● **Exercise description**
Pull out each line of the records holding the string "theorem".

[Start of Attachment]

(* Let $0.5<\bar P\le1$, $\epsilon>0$, $\omega\ge0$, $\gamma_0\ge\gamma\ge0$. Let $\omega(t),\epsilon_x(t),\epsilon_y(t),\delta\gamma_t$ be real-valued functions of time with $|\omega(t)|\le\omega$, $\sqrt{\epsilon_x^2(t)+\epsilon_y^2(t)}\le\epsilon$, $|\delta\gamma_t|\le\gamma$, and set $H(t)=[1+\omega(t)]I_z+\epsilon_x(t)I_x+\epsilon_y(t)I_y$, $\gamma_t=\gamma_0+\delta\gamma_t$. Let the qubit density matrix $\rho_t$ evolve according to $$\dot\rho_t=-i[H(t),\rho_t]+\gamma_t(\sigma_x\rho_t\sigma_x-\rho_t)+\gamma_t(\sigma_y\rho_t\sigma_y-\rho_t)+\gamma_t(\sigma_z\rho_t\sigma_z-\rho_t)$$ from an initial state with $\mathrm{tr}(\rho_0^2)=1$. Let $T_d=-\frac{\ln(2\bar P-1)}{8(\gamma_0+\gamma)}$. Then for every $t\in[0,T_d]$, $\rho_t\in\mathcal{D}_d=\{\rho:\mathrm{tr}(\rho^2)\ge\bar P\}$. Consequently, if projective measurements of $\sigma_z$ are performed periodically with period $T_d$, the state remains in $\mathcal{D}_d$.
   Context: $\sigma_x,\sigma_y,\sigma_z$ are the Pauli matrices $\begin{pmatrix}0&1\\1&0\end{pmatrix},\begin{pmatrix}0&-i\\i&0\end{pmatrix},\begin{pmatrix}1&0\\0&-1\end{pmatrix}$, $I_j=\frac12\sigma_j$, $[A,B]=AB-BA$, units with $\hbar=1$. The purity of $\rho$ is $\mathrm{tr}(\rho^2)$. *)

theory Defs
  imports "HOL-Analysis.Analysis"
begin

type_synonym qmat = "complex^2^2"

definition sigma_x :: qmat where
  "sigma_x = (\<chi> i j. if i = j then 0 else 1)"

definition sigma_y :: qmat where
  "sigma_y = (\<chi> i j. if i = j then 0 else if i = 0 then - \<i> else \<i>)"

definition sigma_z :: qmat where
  "sigma_z = (\<chi> i j. if i \<noteq> j then 0 else if i = 0 then 1 else -1)"

definition I_x :: qmat where "I_x = (1/2) *\<^sub>R sigma_x"
definition I_y :: qmat where "I_y = (1/2) *\<^sub>R sigma_y"
definition I_z :: qmat where "I_z = (1/2) *\<^sub>R sigma_z"

definition cscale :: "complex \<Rightarrow> qmat \<Rightarrow> qmat" where
  "cscale c M = (\<chi> i j. c * M $ i $ j)"

definition commutator :: "qmat \<Rightarrow> qmat \<Rightarrow> qmat" where
  "commutator A B = A ** B - B ** A"

definition hermitian :: "qmat \<Rightarrow> bool" where
  "hermitian M \<longleftrightarrow> (\<forall>i j. M $ i $ j = cnj (M $ j $ i))"

definition psd :: "qmat \<Rightarrow> bool" where
  "psd M \<longleftrightarrow> (\<forall>v :: complex^2.
     let q = (\<Sum>i\<in>UNIV. \<Sum>j\<in>UNIV. cnj (v $ i) * M $ i $ j * v $ j) in Im q = 0 \<and> Re q \<ge> 0)"

definition density_matrix :: "qmat \<Rightarrow> bool" where
  "density_matrix M \<longleftrightarrow> hermitian M \<and> psd M \<and> trace M = 1"

text \<open>Purity tr(rho^2); real for Hermitian rho, we take the real part.\<close>
definition purity :: "qmat \<Rightarrow> real" where
  "purity M = Re (trace (M ** M))"

definition hamiltonian :: "real \<Rightarrow> real \<Rightarrow> real \<Rightarrow> qmat" where
  "hamiltonian w ex ey = (1 + w) *\<^sub>R I_z + ex *\<^sub>R I_x + ey *\<^sub>R I_y"

definition lindblad_rhs :: "qmat \<Rightarrow> real \<Rightarrow> qmat \<Rightarrow> qmat" where
  "lindblad_rhs H g rho =
     cscale (- \<i>) (commutator H rho)
     + g *\<^sub>R (sigma_x ** rho ** sigma_x - rho)
     + g *\<^sub>R (sigma_y ** rho ** sigma_y - rho)
     + g *\<^sub>R (sigma_z ** rho ** sigma_z - rho)"

definition D_d :: "real \<Rightarrow> qmat set" where
  "D_d Pbar = {rho. purity rho \<ge> Pbar}"

end

theory Submission
  imports Defs
begin

text \<open>
  The three Pauli dissipators together map \<open>\<rho>\<close> to \<open>2 tr(\<rho>) 1 - 4\<rho>\<close>, so the trace is conserved
  and, with \<open>tr \<rho> = 1\<close> and \<open>tr(\<rho>[H,\<rho>]) = 0\<close>, the purity obeys
  \<open>d/dt (tr \<rho>\<^sup>2 - 1/2) = -8\<gamma>\<^sub>t (tr \<rho>\<^sup>2 - 1/2)\<close>, independently of the Hamiltonian.
  Since \<open>\<gamma>\<^sub>t \<le> \<gamma>\<^sub>0 + \<gamma>\<close>, comparison with the exponential gives
  \<open>tr \<rho>\<^sub>t\<^sup>2 - 1/2 \<ge> exp(-8(\<gamma>\<^sub>0 + \<gamma>)t)/2\<close>, which is at least \<open>P\<^sub>b\<^sub>a\<^sub>r - 1/2\<close> up to \<open>T\<^sub>d\<close>.
\<close>

lemma lindblad_rhs_entry:
  fixes H M :: qmat
  shows "lindblad_rhs H g M $ i $ j =
    - \<i> * commutator H M $ i $ j
    + complex_of_real g * ((if i = j then 2 * trace M else 0) - 4 * M $ i $ j)"
  using exhaust_2[of i] exhaust_2[of j]
  by (auto simp: lindblad_rhs_def cscale_def sigma_x_def sigma_y_def sigma_z_def
      matrix_matrix_mult_def sum_2 trace_def algebra_simps)
     (auto simp: scaleR_conv_of_real algebra_simps)

lemma trace_lindblad_rhs:
  fixes H M :: qmat
  shows "trace (lindblad_rhs H g M) = 0"
  by (simp add: trace_def sum_2 lindblad_rhs_entry commutator_def matrix_matrix_mult_def
      algebra_simps)

lemma trace_mult_lindblad_rhs:
  fixes H M :: qmat
  shows "trace (M ** lindblad_rhs H g M) = g * (2 * (trace M)\<^sup>2 - 4 * trace (M ** M))"
  by (simp add: trace_def sum_2 lindblad_rhs_entry commutator_def matrix_matrix_mult_def
      algebra_simps power2_eq_square)

lemma has_vector_derivative_matrix_entry:
  fixes f :: "real \<Rightarrow> qmat"
  assumes "(f has_vector_derivative D) F"
  shows "((\<lambda>t. f t $ i $ j) has_vector_derivative D $ i $ j) F"
  using bounded_linear.has_vector_derivative
      [OF bounded_linear_compose[OF bounded_linear_vec_nth bounded_linear_vec_nth] assms] .

lemma has_vector_derivative_trace:
  fixes f :: "real \<Rightarrow> qmat"
  assumes "(f has_vector_derivative D) F"
  shows "((\<lambda>t. trace (f t)) has_vector_derivative trace D) F"
proof -
  have "((\<lambda>t. f t $ 1 $ 1 + f t $ 2 $ 2) has_vector_derivative D $ 1 $ 1 + D $ 2 $ 2) F"
    by (intro has_vector_derivative_add has_vector_derivative_matrix_entry assms)
  then show ?thesis
    by (simp add: trace_def sum_2)
qed

lemma has_real_derivative_purity:
  fixes f :: "real \<Rightarrow> qmat"
  assumes "(f has_vector_derivative D) (at x within S)"
  shows "((\<lambda>t. purity (f t)) has_real_derivative 2 * Re (trace (f x ** D))) (at x within S)"
proof -
  let ?e = "\<lambda>i j. f x $ i $ j" and ?d = "\<lambda>i j. D $ i $ j"
  have "((\<lambda>t. f t $ 1 $ 1 * f t $ 1 $ 1 + f t $ 1 $ 2 * f t $ 2 $ 1
              + f t $ 2 $ 1 * f t $ 1 $ 2 + f t $ 2 $ 2 * f t $ 2 $ 2)
     has_vector_derivative
       (?e 1 1 * ?d 1 1 + ?d 1 1 * ?e 1 1) + (?e 1 2 * ?d 2 1 + ?d 1 2 * ?e 2 1)
     + (?e 2 1 * ?d 1 2 + ?d 2 1 * ?e 1 2) + (?e 2 2 * ?d 2 2 + ?d 2 2 * ?e 2 2))
     (at x within S)"
    by (intro has_vector_derivative_add has_vector_derivative_mult
        has_vector_derivative_matrix_entry assms)
  from bounded_linear.has_vector_derivative[OF bounded_linear_Re this]
  show ?thesis
    unfolding has_real_derivative_iff_has_vector_derivative
    by (simp add: purity_def trace_def sum_2 matrix_matrix_mult_def algebra_simps)
qed

text \<open>Working with \<open>f\<^sup>2\<close> avoids knowing the sign of \<open>f\<close> in advance; positivity of \<open>f\<close>
  then follows from the intermediate value theorem.\<close>

lemma square_exp_weighted_mono:
  fixes f k :: "real \<Rightarrow> real"
  assumes deriv: "\<And>s. t0 \<le> s \<Longrightarrow> (f has_real_derivative - k s * f s) (at s within {t0..})"
    and bound: "\<And>s. t0 \<le> s \<Longrightarrow> k s \<le> C"
    and "t0 \<le> t"
  shows "(f t0)\<^sup>2 \<le> (f t)\<^sup>2 * exp (2 * C * (t - t0))"
proof -
  define h where "h s = (f s)\<^sup>2 * exp (2 * C * (s - t0))" for s
  have hder: "(h has_real_derivative 2 * (C - k s) * (f s)\<^sup>2 * exp (2 * C * (s - t0)))
      (at s within {t0..})" if "t0 \<le> s" for s
    unfolding h_def
    by (rule derivative_eq_intros deriv[OF that] refl | simp)+
       (simp add: algebra_simps power2_eq_square)
  have "h t0 \<le> h t"
  proof (rule DERIV_nonneg_imp_increasing_open[OF \<open>t0 \<le> t\<close>])
    fix x assume x: "t0 < x" "x < t"
    have "(h has_real_derivative 2 * (C - k x) * (f x)\<^sup>2 * exp (2 * C * (x - t0)))
        (at x within {t0<..})"
      using hder[of x] x by (rule_tac DERIV_subset) auto
    then have "(h has_real_derivative 2 * (C - k x) * (f x)\<^sup>2 * exp (2 * C * (x - t0))) (at x)"
      using at_within_open[of x "{t0<..}"] x by simp
    moreover have "0 \<le> 2 * (C - k x) * (f x)\<^sup>2 * exp (2 * C * (x - t0))"
      using bound[of x] x by (intro mult_nonneg_nonneg) auto
    ultimately show "\<exists>y. (h has_real_derivative y) (at x) \<and> 0 \<le> y"
      by blast
  next
    have "continuous_on {t0..} h"
      using hder by (intro DERIV_continuous_on) auto
    then show "continuous_on {t0..t} h"
      by (rule continuous_on_subset) auto
  qed
  then show ?thesis
    by (simp add: h_def)
qed

lemma linear_decay_lower_bound:
  fixes f k :: "real \<Rightarrow> real"
  assumes deriv: "\<And>s. t0 \<le> s \<Longrightarrow> (f has_real_derivative - k s * f s) (at s within {t0..})"
    and bound: "\<And>s. t0 \<le> s \<Longrightarrow> k s \<le> C"
    and pos: "0 < f t0" and "t0 \<le> t"
  shows "f t0 * exp (- C * (t - t0)) \<le> f t"
proof -
  have square_weighted: "(f t0)\<^sup>2 \<le> (f s)\<^sup>2 * exp (2 * C * (s - t0))" if "t0 \<le> s" for s
    using deriv bound that by (rule square_exp_weighted_mono)
  have nonzero: "f s \<noteq> 0" if "t0 \<le> s" for s
    using square_weighted[OF that] pos by auto
  have "continuous_on {t0..} f"
    using deriv by (intro DERIV_continuous_on) auto
  then have "continuous_on {t0..t} f"
    by (rule continuous_on_subset) auto
  then have ft: "0 < f t"
    using IVT2'[of f t 0 t0] \<open>t0 \<le> t\<close> pos nonzero by force
  have "(f t0 * exp (- C * (t - t0)))\<^sup>2 = (f t0)\<^sup>2 * exp (- 2 * C * (t - t0))"
    by (simp add: power_mult_distrib power2_eq_square flip: exp_add)
  also have "\<dots> \<le> (f t)\<^sup>2 * exp (2 * C * (t - t0)) * exp (- 2 * C * (t - t0))"
    using mult_right_mono[OF square_weighted[OF \<open>t0 \<le> t\<close>] exp_ge_zero] .
  also have "\<dots> = (f t)\<^sup>2"
    by (simp flip: exp_add)
  finally show ?thesis
    using ft by (simp add: power2_le_iff_abs_le)
qed

lemma lindblad_trace_conserved:
  fixes rho :: "real \<Rightarrow> qmat"
  assumes "\<And>s. t0 \<le> s \<Longrightarrow>
      (rho has_vector_derivative lindblad_rhs (H s) (g s) (rho s)) (at s within {t0..})"
    and "t0 \<le> t"
  shows "trace (rho t) = trace (rho t0)"
proof -
  obtain c where "\<And>s. s \<in> {t0..} \<Longrightarrow> trace (rho s) = c"
  proof (rule has_vector_derivative_zero_constant[of "{t0..}" "\<lambda>s. trace (rho s)"])
    fix s :: real assume "s \<in> {t0..}"
    from has_vector_derivative_trace[OF assms(1)] this
    show "((\<lambda>s. trace (rho s)) has_vector_derivative 0) (at s within {t0..})"
      by (simp add: trace_lindblad_rhs)
  qed (auto simp: convex_real_interval)
  then show ?thesis
    using \<open>t0 \<le> t\<close> by simp
qed

lemma lindblad_purity_deriv:
  fixes rho :: "real \<Rightarrow> qmat"
  assumes "(rho has_vector_derivative lindblad_rhs H g (rho s)) (at s within S)"
    and "trace (rho s) = 1"
  shows "((\<lambda>t. purity (rho t) - 1/2) has_real_derivative - (8 * g) * (purity (rho s) - 1/2))
      (at s within S)"
proof -
  have "((\<lambda>t. purity (rho t) - 1/2) has_real_derivative
      2 * Re (trace (rho s ** lindblad_rhs H g (rho s))) - 0) (at s within S)"
    by (intro derivative_intros has_real_derivative_purity assms(1))
  then show ?thesis
    using assms(2) by (simp add: trace_mult_lindblad_rhs purity_def algebra_simps)
qed

theorem theorem5:
  fixes Pbar eps omega gamma0 gamma t0 :: real
    and om ex ey dg :: "real \<Rightarrow> real"
    and rho :: "real \<Rightarrow> qmat"
  assumes "1/2 < Pbar" and "Pbar \<le> 1"
    and "eps > 0" and "omega \<ge> 0" and "gamma0 \<ge> gamma" and "gamma \<ge> 0"
    and "\<And>t. \<bar>om t\<bar> \<le> omega"
    and "\<And>t. sqrt ((ex t)\<^sup>2 + (ey t)\<^sup>2) \<le> eps"
    and "\<And>t. \<bar>dg t\<bar> \<le> gamma"
    and "\<And>t. t \<ge> t0 \<Longrightarrow>
           (rho has_vector_derivative
              lindblad_rhs (hamiltonian (om t) (ex t) (ey t)) (gamma0 + dg t) (rho t))
           (at t within {t0..})"
    and "density_matrix (rho t0)" and "purity (rho t0) = 1"
  shows "\<forall>t. t0 \<le> t \<and> 8 * (gamma0 + gamma) * (t - t0) \<le> - ln (2 * Pbar - 1)
           \<longrightarrow> rho t \<in> D_d Pbar"
proof (intro allI impI)
  fix t assume t: "t0 \<le> t \<and> 8 * (gamma0 + gamma) * (t - t0) \<le> - ln (2 * Pbar - 1)"
  have trace1: "trace (rho s) = 1" if "t0 \<le> s" for s
    using lindblad_trace_conserved[OF assms(10) that] assms(11) by (simp add: density_matrix_def)
  have purity_deriv: "((\<lambda>s. purity (rho s) - 1/2) has_real_derivative
      - (8 * (gamma0 + dg s)) * (purity (rho s) - 1/2)) (at s within {t0..})" if "t0 \<le> s" for s
    using assms(10)[OF that] trace1[OF that] by (rule lindblad_purity_deriv)
  have rate_bound: "8 * (gamma0 + dg s) \<le> 8 * (gamma0 + gamma)" for s
    using assms(9)[of s] by (simp add: abs_le_iff)
  have "1/2 * exp (- (8 * (gamma0 + gamma)) * (t - t0)) \<le> purity (rho t) - 1/2"
    using linear_decay_lower_bound[OF purity_deriv rate_bound] assms(12) t by simp
  moreover have "2 * Pbar - 1 \<le> exp (- (8 * (gamma0 + gamma)) * (t - t0))"
    using t assms(1) by (subst ln_le_cancel_iff[symmetric]) (auto simp: algebra_simps)
  ultimately show "rho t \<in> D_d Pbar"
    by (simp add: D_d_def)
qed

end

[End of Attachment]

● **Result of this exercise**
  then follows from the intermediate value theorem.\<close>
theorem theorem5:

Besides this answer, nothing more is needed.